- Your instructions
Reply with one number: the count of lines in the listing that contain the string "False".

------------------------------------

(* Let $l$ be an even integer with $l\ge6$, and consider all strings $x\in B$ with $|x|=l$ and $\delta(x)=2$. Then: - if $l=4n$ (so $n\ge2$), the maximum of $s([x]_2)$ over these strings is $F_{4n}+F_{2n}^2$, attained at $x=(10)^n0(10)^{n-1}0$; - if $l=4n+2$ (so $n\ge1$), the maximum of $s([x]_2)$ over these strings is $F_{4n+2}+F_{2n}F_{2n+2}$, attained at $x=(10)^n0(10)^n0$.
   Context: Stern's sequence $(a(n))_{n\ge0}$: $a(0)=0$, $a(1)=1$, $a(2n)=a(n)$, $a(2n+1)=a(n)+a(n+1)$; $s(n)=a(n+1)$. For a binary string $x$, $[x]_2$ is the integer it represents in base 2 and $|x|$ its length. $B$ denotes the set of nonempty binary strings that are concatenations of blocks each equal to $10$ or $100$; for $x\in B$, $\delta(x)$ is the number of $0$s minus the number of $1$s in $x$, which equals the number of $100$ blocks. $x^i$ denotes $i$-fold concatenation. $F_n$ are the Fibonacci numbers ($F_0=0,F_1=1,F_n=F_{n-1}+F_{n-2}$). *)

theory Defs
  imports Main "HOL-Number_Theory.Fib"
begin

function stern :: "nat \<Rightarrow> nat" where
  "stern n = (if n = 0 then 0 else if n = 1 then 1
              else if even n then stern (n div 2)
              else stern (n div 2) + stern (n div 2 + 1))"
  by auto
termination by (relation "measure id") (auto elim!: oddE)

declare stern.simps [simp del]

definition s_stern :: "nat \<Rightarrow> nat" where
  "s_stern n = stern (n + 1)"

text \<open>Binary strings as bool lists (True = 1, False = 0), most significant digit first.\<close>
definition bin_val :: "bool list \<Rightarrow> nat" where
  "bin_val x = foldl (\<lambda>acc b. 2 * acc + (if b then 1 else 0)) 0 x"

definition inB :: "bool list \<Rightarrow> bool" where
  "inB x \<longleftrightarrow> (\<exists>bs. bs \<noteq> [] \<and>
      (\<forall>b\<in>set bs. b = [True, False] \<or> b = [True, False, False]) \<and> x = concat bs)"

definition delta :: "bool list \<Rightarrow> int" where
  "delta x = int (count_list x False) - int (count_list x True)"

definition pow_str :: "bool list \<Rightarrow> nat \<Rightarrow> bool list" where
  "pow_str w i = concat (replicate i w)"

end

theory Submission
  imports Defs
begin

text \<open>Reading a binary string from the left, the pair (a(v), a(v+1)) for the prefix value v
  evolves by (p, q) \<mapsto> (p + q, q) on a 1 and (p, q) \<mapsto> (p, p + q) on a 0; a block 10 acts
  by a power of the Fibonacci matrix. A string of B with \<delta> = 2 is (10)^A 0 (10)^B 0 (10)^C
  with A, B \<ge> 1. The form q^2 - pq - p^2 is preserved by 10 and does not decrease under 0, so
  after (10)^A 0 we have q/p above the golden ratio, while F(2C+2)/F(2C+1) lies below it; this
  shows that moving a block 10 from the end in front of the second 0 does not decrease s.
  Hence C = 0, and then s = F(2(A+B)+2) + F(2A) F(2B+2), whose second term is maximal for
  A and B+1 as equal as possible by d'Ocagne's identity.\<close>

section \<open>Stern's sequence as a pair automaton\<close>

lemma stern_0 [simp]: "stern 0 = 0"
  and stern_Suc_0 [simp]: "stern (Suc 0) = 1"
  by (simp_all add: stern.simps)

------------------------------------

- Solution to this task
3